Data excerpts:
(* For all $\alpha\in(0,\pi/4]$ and $\beta\in[0,t(\alpha)]$, $$\max_{r\in[0,1]} f_1(\alpha,\beta,r)\ \ge\ \tfrac12\sqrt{6-2\cos(4\alpha)}.$$
   Context: $f_1(\alpha,\beta,r)=\frac{2\sin\alpha}{\cos\beta(\tan\alpha+\tan\beta)}\cdot\frac{1+\frac{2\tan\beta}{\tan\alpha+\tan\beta}r}{\sqrt{1+r^2+2\cos(2\alpha)r}}$, and $t(\alpha)=\arctan\!\left(\frac{\sin(3\alpha)-\sin\alpha}{3\cos\alpha-\cos(3\alpha)}\right)$. *)

theory Defs
  imports "HOL-Analysis.Analysis"
begin

definition f1 :: "real \<Rightarrow> real \<Rightarrow> real \<Rightarrow> real" where
  "f1 \<alpha> \<beta> r = (2 * sin \<alpha>) / (cos \<beta> * (tan \<alpha> + tan \<beta>)) *
     ((1 + (2 * tan \<beta>) / (tan \<alpha> + tan \<beta>) * r) /
      sqrt (1 + r^2 + 2 * cos (2 * \<alpha>) * r))"

definition t :: "real \<Rightarrow> real" where
  "t \<alpha> = arctan ((sin (3 * \<alpha>) - sin \<alpha>) / (3 * cos \<alpha> - cos (3 * \<alpha>)))"

end

(*
  There f1 alpha beta 0 = sin (2 alpha) / sin (alpha + beta),
  and t alpha is exactly the angle with
    sin (alpha + t alpha) = sin (2 alpha) / sqrt (1 + sin (2 alpha)^2).
  Since alpha + t alpha < pi/2, sin (alpha + beta) increases with beta on [0, t alpha], so
  f1 alpha beta 0 >= sqrt (1 + sin (2 alpha)^2) = sqrt (6 - 2 cos (4 alpha)) / 2.
*)
theory Submission
  imports Defs
begin

lemma t_eq_arctan:
  "t \<alpha> = arctan (sin \<alpha> * cos (2 * \<alpha>) / (cos \<alpha> * (1 + 2 * (sin \<alpha>)\<^sup>2)))"
proof -
  have num: "sin (3 * \<alpha>) - sin \<alpha> = 2 * sin \<alpha> * cos (2 * \<alpha>)"
    using sin_diff_sin[of "3 * \<alpha>" \<alpha>] by simp
  have den: "3 * cos \<alpha> - cos (3 * \<alpha>) = 2 * cos \<alpha> * (1 + 2 * (sin \<alpha>)\<^sup>2)"
    unfolding cos_treble_cos sin_squared_eq
    by (simp add: algebra_simps power3_eq_cube power2_eq_square)
  show ?thesis
    unfolding t_def num den by simp
qed

lemma sin_add_t_eq:
  assumes "0 < cos \<alpha>"
  shows "sin (\<alpha> + t \<alpha>) = sin (2 * \<alpha>) / sqrt (1 + (sin (2 * \<alpha>))\<^sup>2)"
proof -
  define s c where "s = sin \<alpha>" and "c = cos \<alpha>"
  define D R where "D = 1 + 2 * s\<^sup>2" and "R = sqrt (1 + 4 * s\<^sup>2 * c\<^sup>2)"
  define x where "x = s * (c\<^sup>2 - s\<^sup>2) / (c * D)"
  have sc: "s\<^sup>2 + c\<^sup>2 = 1" unfolding s_def c_def by simp
  have "0 < D" unfolding D_def by (simp add: add_pos_nonneg)
  hence cD: "0 < c * D" using assms unfolding c_def by simp
  have tx: "t \<alpha> = arctan x"
    unfolding t_eq_arctan x_def D_def s_def c_def cos_double ..
  have "1 + x\<^sup>2 = (1 + 4 * s\<^sup>2 * c\<^sup>2) / (c * D)\<^sup>2"
    using cD sc unfolding x_def D_def by (simp add: field_simps) algebra
  hence root: "sqrt (1 + x\<^sup>2) = R / (c * D)"
    using cD unfolding R_def by (simp add: real_sqrt_divide)
  have lin: "s + c * x = 2 * s / D"
    using \<open>0 < D\<close> cD sc unfolding x_def D_def by (simp add: field_simps) algebra
  have "sin (\<alpha> + t \<alpha>) = (s + c * x) / sqrt (1 + x\<^sup>2)"
    unfolding tx sin_add sin_arctan cos_arctan s_def c_def
    by (simp add: add_divide_distrib mult.commute)
  also have "\<dots> = 2 * s * c / R"
    unfolding lin root using \<open>0 < D\<close> cD by (simp add: field_simps)
  finally show ?thesis
    unfolding R_def sin_double s_def c_def by (simp add: power_mult_distrib)
qed

lemma add_t_less_pi_half:
  assumes "0 < \<alpha>" and "\<alpha> < pi / 2"
  shows "\<alpha> + t \<alpha> < pi / 2"
proof -
  define s c where "s = sin \<alpha>" and "c = cos \<alpha>"
  have s: "0 < s" unfolding s_def using assms by (simp add: sin_gt_zero)
  have c: "0 < c" unfolding c_def using assms by (simp add: cos_gt_zero)
  have "s\<^sup>2 * (c\<^sup>2 - s\<^sup>2) \<le> c\<^sup>2 * s\<^sup>2" using s by (simp add: algebra_simps)
  also have "\<dots> < c\<^sup>2 * (1 + 2 * s\<^sup>2)"
    using c by (intro mult_strict_left_mono) (simp_all add: add_nonneg_pos)
  finally have "s * (c\<^sup>2 - s\<^sup>2) / (c * (1 + 2 * s\<^sup>2)) < c / s"
    using s c by (simp add: divide_simps add_pos_nonneg power2_eq_square mult_ac)
  hence "t \<alpha> < arctan (tan (pi / 2 - \<alpha>))"
    unfolding t_eq_arctan tan_cot' arctan_less_iff cot_def cos_double s_def c_def .
  thus ?thesis using assms by (simp add: arctan_tan)
qed

lemma f1_at_0:
  assumes "cos \<alpha> \<noteq> 0" and "cos \<beta> \<noteq> 0"
  shows "f1 \<alpha> \<beta> 0 = sin (2 * \<alpha>) / sin (\<alpha> + \<beta>)"
proof -
  have "cos \<beta> * (tan \<alpha> + tan \<beta>) = sin (\<alpha> + \<beta>) / cos \<alpha>"
    using assms unfolding tan_def sin_add by (simp add: field_simps)
  thus ?thesis using assms unfolding f1_def sin_double by simp
qed

lemma sqrt_6_minus_cos_4:
  "sqrt (6 - 2 * cos (4 * x)) / 2 = sqrt (1 + (sin (2 * x))\<^sup>2)"
proof -
  have "6 - 2 * cos (4 * x) = 2\<^sup>2 * (1 + (sin (2 * x))\<^sup>2)"
    using cos_double_sin[of "2 * x"] by simp
  hence "sqrt (6 - 2 * cos (4 * x)) = sqrt (2\<^sup>2) * sqrt (1 + (sin (2 * x))\<^sup>2)"
    by (simp only: real_sqrt_mult)
  thus ?thesis by simp
qed

lemma continuous_on_f1:
  assumes "sin (2 * \<alpha>) \<noteq> 0"
  shows "continuous_on A (f1 \<alpha> \<beta>)"
proof -
  have "1 + r\<^sup>2 + 2 * cos (2 * \<alpha>) * r = (r + cos (2 * \<alpha>))\<^sup>2 + (sin (2 * \<alpha>))\<^sup>2" for r
    by (simp add: power2_eq_square algebra_simps sin_squared_eq)
  hence "sqrt (1 + r\<^sup>2 + 2 * cos (2 * \<alpha>) * r) \<noteq> 0" for r
    using assms by (simp add: add_nonneg_pos)
  thus ?thesis unfolding f1_def by (intro continuous_intros) auto
qed

theorem lemma9:
  fixes \<alpha> \<beta> :: real
  assumes "0 < \<alpha>" and "\<alpha> \<le> pi / 4"
    and "0 \<le> \<beta>" and "\<beta> \<le> t \<alpha>"
  shows "(SUP r\<in>{0..1}. f1 \<alpha> \<beta> r) \<ge> sqrt (6 - 2 * cos (4 * \<alpha>)) / 2"
proof -
  have "\<alpha> < pi / 2" using assms(2) pi_gt_zero by linarith
  hence sum_lt: "\<alpha> + \<beta> < pi / 2" using add_t_less_pi_half assms(1,4) by fastforce
  have cos_pos: "0 < cos \<alpha>" "0 < cos \<beta>"
    using assms(1,3) \<open>\<alpha> < pi / 2\<close> sum_lt by (auto intro!: cos_gt_zero_pi)
  have sin_2\<alpha>: "0 < sin (2 * \<alpha>)" using assms(1) \<open>\<alpha> < pi / 2\<close> by (simp add: sin_gt_zero)
  have "0 < sin (\<alpha> + \<beta>)" using assms(1,3) sum_lt by (simp add: sin_gt_zero)
  moreover have "sin (\<alpha> + \<beta>) \<le> sin (\<alpha> + t \<alpha>)"
    using assms add_t_less_pi_half[of \<alpha>] \<open>\<alpha> < pi / 2\<close> by (intro sin_monotone_2pi_le) auto
  ultimately have "sin (2 * \<alpha>) / sin (\<alpha> + t \<alpha>) \<le> f1 \<alpha> \<beta> 0"
    unfolding f1_at_0[OF cos_pos[THEN less_imp_neq, symmetric]]
    using sin_2\<alpha> by (intro divide_left_mono) auto
  hence "sqrt (6 - 2 * cos (4 * \<alpha>)) / 2 \<le> f1 \<alpha> \<beta> 0"
    unfolding sqrt_6_minus_cos_4 sin_add_t_eq[OF cos_pos(1)] using sin_2\<alpha> by simp
  also have "f1 \<alpha> \<beta> 0 \<le> (SUP r\<in>{0..1}. f1 \<alpha> \<beta> r)"
    using sin_2\<alpha> by (intro cSUP_upper bounded_imp_bdd_above compact_imp_bounded
        compact_continuous_image continuous_on_f1) auto
  finally show ?thesis .
qed

end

- **Goal of the exercise**: Would you retype exactly the lines above, from the line with "pi_gt_zero by linarith" to the line with "2 \<le> f1 \<alpha>", with both end lines kept and nothing more?

- **Output for this task**:
  have "\<alpha> < pi / 2" using assms(2) pi_gt_zero by linarith
  hence sum_lt: "\<alpha> + \<beta> < pi / 2" using add_t_less_pi_half assms(1,4) by fastforce
  have cos_pos: "0 < cos \<alpha>" "0 < cos \<beta>"
    using assms(1,3) \<open>\<alpha> < pi / 2\<close> sum_lt by (auto intro!: cos_gt_zero_pi)
  have sin_2\<alpha>: "0 < sin (2 * \<alpha>)" using assms(1) \<open>\<alpha> < pi / 2\<close> by (simp add: sin_gt_zero)
  have "0 < sin (\<alpha> + \<beta>)" using assms(1,3) sum_lt by (simp add: sin_gt_zero)
  moreover have "sin (\<alpha> + \<beta>) \<le> sin (\<alpha> + t \<alpha>)"
    using assms add_t_less_pi_half[of \<alpha>] \<open>\<alpha> < pi / 2\<close> by (intro sin_monotone_2pi_le) auto
  ultimately have "sin (2 * \<alpha>) / sin (\<alpha> + t \<alpha>) \<le> f1 \<alpha> \<beta> 0"
    unfolding f1_at_0[OF cos_pos[THEN less_imp_neq, symmetric]]
    using sin_2\<alpha> by (intro divide_left_mono) auto
  hence "sqrt (6 - 2 * cos (4 * \<alpha>)) / 2 \<le> f1 \<alpha> \<beta> 0"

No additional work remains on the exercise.